▶ **WHAT THE TASK REQUIRES**:
Look through the data below and return each line where "bool" appears.

*** RECORDS PROVIDED

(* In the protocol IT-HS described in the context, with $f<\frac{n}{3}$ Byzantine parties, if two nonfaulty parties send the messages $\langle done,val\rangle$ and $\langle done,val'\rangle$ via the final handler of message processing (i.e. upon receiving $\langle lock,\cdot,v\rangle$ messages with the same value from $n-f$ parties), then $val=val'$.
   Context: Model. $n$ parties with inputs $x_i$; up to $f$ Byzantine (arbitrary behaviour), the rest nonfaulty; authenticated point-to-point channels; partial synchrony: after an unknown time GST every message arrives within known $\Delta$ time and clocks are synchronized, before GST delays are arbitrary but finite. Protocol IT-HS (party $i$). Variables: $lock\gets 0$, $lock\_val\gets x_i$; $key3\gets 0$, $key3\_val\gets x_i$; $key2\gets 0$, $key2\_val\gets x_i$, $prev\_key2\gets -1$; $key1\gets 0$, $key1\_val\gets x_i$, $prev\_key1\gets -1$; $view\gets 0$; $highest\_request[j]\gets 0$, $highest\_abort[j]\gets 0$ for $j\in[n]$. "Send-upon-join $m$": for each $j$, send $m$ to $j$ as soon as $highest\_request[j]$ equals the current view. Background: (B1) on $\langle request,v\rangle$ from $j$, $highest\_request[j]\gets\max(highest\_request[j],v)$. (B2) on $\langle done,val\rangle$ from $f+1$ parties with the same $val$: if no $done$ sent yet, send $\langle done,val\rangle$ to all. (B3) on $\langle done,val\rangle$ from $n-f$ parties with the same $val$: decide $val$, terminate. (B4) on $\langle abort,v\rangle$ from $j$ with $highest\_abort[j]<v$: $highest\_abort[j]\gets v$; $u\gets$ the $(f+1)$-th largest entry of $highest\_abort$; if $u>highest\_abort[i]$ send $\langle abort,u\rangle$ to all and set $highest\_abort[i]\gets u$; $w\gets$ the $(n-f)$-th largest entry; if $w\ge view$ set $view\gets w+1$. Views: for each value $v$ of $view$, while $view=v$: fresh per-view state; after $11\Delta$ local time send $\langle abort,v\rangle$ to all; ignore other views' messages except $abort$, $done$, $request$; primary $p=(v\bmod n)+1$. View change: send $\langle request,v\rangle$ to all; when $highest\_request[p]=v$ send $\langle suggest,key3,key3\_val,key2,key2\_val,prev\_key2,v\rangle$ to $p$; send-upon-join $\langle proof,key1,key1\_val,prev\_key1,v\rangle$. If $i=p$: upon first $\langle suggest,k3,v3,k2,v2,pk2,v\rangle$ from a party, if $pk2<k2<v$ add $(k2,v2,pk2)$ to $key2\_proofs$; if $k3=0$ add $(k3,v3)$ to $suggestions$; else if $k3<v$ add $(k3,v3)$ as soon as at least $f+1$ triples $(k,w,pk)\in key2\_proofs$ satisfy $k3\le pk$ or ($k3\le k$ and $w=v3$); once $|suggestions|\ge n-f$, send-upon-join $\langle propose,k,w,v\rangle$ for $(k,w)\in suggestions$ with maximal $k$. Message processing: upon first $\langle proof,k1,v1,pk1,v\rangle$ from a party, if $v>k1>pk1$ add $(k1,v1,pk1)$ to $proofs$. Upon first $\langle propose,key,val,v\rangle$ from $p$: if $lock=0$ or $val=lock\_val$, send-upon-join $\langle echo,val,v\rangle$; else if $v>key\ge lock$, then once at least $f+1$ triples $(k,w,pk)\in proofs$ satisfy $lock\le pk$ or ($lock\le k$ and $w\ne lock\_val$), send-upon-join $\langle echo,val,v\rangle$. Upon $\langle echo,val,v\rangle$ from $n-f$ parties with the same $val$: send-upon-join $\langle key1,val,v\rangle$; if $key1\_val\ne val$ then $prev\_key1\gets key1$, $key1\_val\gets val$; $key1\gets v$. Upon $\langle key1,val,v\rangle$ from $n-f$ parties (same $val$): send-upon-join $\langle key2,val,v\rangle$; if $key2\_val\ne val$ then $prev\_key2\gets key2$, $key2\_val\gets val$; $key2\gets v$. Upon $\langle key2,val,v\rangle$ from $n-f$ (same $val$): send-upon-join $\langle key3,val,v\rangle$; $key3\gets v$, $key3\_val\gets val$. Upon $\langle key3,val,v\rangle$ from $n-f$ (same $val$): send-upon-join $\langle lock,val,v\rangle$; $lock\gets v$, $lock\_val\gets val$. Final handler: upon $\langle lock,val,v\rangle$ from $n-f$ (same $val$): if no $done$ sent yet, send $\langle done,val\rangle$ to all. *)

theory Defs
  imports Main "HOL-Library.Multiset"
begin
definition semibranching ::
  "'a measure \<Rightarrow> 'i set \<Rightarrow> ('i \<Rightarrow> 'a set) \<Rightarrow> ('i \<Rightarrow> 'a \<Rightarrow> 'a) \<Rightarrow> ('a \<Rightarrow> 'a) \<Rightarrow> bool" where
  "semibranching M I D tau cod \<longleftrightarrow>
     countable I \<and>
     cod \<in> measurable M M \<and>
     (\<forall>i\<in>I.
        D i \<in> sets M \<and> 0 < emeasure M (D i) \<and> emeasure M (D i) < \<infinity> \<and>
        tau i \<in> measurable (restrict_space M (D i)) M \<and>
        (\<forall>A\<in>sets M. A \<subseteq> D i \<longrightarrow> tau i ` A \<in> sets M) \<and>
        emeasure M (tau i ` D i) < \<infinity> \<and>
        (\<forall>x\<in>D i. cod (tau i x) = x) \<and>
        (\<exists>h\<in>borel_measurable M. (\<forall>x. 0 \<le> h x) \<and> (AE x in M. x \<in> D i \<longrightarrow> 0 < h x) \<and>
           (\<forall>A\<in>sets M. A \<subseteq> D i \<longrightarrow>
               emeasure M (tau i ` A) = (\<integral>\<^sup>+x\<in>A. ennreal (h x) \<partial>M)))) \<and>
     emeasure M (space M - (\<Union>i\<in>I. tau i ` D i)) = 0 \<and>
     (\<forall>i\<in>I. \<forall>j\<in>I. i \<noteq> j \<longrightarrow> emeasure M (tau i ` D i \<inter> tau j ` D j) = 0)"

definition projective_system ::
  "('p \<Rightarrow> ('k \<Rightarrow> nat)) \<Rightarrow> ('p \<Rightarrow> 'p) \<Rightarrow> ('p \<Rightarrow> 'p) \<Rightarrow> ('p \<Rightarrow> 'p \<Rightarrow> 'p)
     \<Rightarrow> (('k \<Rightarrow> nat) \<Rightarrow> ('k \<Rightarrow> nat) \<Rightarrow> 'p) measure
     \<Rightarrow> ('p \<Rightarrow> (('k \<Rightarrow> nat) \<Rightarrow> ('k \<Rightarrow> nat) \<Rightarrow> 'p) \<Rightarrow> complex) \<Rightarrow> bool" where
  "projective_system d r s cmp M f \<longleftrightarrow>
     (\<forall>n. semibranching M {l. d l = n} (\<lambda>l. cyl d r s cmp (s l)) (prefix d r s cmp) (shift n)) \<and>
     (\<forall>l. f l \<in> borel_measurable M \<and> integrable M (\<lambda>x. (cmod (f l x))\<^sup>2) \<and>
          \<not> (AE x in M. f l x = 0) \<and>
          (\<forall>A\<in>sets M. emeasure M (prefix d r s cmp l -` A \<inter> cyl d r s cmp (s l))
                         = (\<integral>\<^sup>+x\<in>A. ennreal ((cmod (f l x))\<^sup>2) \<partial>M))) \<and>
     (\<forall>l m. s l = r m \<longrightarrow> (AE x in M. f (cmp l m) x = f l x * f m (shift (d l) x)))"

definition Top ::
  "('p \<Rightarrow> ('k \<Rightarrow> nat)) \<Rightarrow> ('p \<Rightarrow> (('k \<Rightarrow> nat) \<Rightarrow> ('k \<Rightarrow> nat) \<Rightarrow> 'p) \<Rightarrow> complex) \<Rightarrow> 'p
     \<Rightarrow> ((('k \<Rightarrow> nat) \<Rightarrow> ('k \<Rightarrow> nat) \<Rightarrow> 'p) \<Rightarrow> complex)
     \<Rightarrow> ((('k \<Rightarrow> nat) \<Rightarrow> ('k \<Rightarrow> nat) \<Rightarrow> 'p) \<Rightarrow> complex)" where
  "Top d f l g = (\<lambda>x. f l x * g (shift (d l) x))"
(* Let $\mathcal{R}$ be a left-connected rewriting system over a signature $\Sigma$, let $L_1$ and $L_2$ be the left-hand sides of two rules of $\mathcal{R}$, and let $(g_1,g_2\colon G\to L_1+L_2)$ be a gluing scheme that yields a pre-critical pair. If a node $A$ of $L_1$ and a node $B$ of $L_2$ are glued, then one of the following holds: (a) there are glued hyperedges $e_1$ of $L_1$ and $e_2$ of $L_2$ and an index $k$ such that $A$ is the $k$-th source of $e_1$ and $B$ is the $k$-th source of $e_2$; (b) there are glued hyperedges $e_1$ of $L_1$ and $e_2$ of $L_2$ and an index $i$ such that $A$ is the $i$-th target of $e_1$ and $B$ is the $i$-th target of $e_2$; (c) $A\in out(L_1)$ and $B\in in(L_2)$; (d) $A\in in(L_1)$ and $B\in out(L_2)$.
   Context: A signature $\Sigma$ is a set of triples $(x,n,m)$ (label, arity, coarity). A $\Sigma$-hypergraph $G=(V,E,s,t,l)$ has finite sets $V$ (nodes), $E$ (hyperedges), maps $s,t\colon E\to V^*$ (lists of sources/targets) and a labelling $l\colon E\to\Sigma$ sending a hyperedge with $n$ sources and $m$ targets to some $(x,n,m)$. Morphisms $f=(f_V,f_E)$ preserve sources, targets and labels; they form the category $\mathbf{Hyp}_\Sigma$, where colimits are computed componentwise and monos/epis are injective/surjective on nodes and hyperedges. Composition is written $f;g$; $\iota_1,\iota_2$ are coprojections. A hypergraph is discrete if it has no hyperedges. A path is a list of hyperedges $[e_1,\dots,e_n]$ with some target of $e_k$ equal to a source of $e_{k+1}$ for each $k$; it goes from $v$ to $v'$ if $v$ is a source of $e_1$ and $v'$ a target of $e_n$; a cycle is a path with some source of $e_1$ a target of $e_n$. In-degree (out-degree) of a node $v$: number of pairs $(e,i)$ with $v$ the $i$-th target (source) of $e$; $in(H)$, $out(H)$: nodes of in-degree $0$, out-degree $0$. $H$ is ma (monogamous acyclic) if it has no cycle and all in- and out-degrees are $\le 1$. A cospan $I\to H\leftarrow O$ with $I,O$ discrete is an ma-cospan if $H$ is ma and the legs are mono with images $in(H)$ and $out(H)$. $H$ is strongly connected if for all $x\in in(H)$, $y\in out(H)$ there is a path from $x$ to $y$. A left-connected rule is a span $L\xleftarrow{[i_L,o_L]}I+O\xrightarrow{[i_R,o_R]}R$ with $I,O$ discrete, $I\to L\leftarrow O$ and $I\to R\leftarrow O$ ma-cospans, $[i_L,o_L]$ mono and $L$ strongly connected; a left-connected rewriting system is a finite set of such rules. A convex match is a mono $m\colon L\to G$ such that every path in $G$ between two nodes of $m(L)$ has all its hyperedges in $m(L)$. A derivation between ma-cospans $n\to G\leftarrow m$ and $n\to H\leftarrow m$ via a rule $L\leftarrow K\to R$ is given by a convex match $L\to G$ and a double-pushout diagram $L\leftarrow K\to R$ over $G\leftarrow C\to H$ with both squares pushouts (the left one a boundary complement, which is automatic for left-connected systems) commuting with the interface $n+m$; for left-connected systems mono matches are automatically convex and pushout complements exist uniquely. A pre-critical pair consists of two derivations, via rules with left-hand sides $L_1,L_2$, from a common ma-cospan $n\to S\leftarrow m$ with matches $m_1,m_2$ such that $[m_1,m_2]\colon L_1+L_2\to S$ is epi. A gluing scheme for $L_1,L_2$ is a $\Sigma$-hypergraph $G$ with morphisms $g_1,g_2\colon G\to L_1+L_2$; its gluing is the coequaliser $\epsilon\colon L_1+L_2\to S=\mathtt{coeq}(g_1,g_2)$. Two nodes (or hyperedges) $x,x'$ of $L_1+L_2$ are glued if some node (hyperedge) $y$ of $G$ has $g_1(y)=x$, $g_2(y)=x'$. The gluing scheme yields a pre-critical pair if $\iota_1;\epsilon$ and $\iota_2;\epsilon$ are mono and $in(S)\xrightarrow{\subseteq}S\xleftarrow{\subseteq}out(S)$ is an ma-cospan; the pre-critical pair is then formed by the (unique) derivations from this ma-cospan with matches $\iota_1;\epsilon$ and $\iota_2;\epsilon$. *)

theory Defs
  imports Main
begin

******

▶ **ANSWER SPACE**:
  "'a measure \<Rightarrow> 'i set \<Rightarrow> ('i \<Rightarrow> 'a set) \<Rightarrow> ('i \<Rightarrow> 'a \<Rightarrow> 'a) \<Rightarrow> ('a \<Rightarrow> 'a) \<Rightarrow> bool" where
     \<Rightarrow> ('p \<Rightarrow> (('k \<Rightarrow> nat) \<Rightarrow> ('k \<Rightarrow> nat) \<Rightarrow> 'p) \<Rightarrow> complex) \<Rightarrow> bool" where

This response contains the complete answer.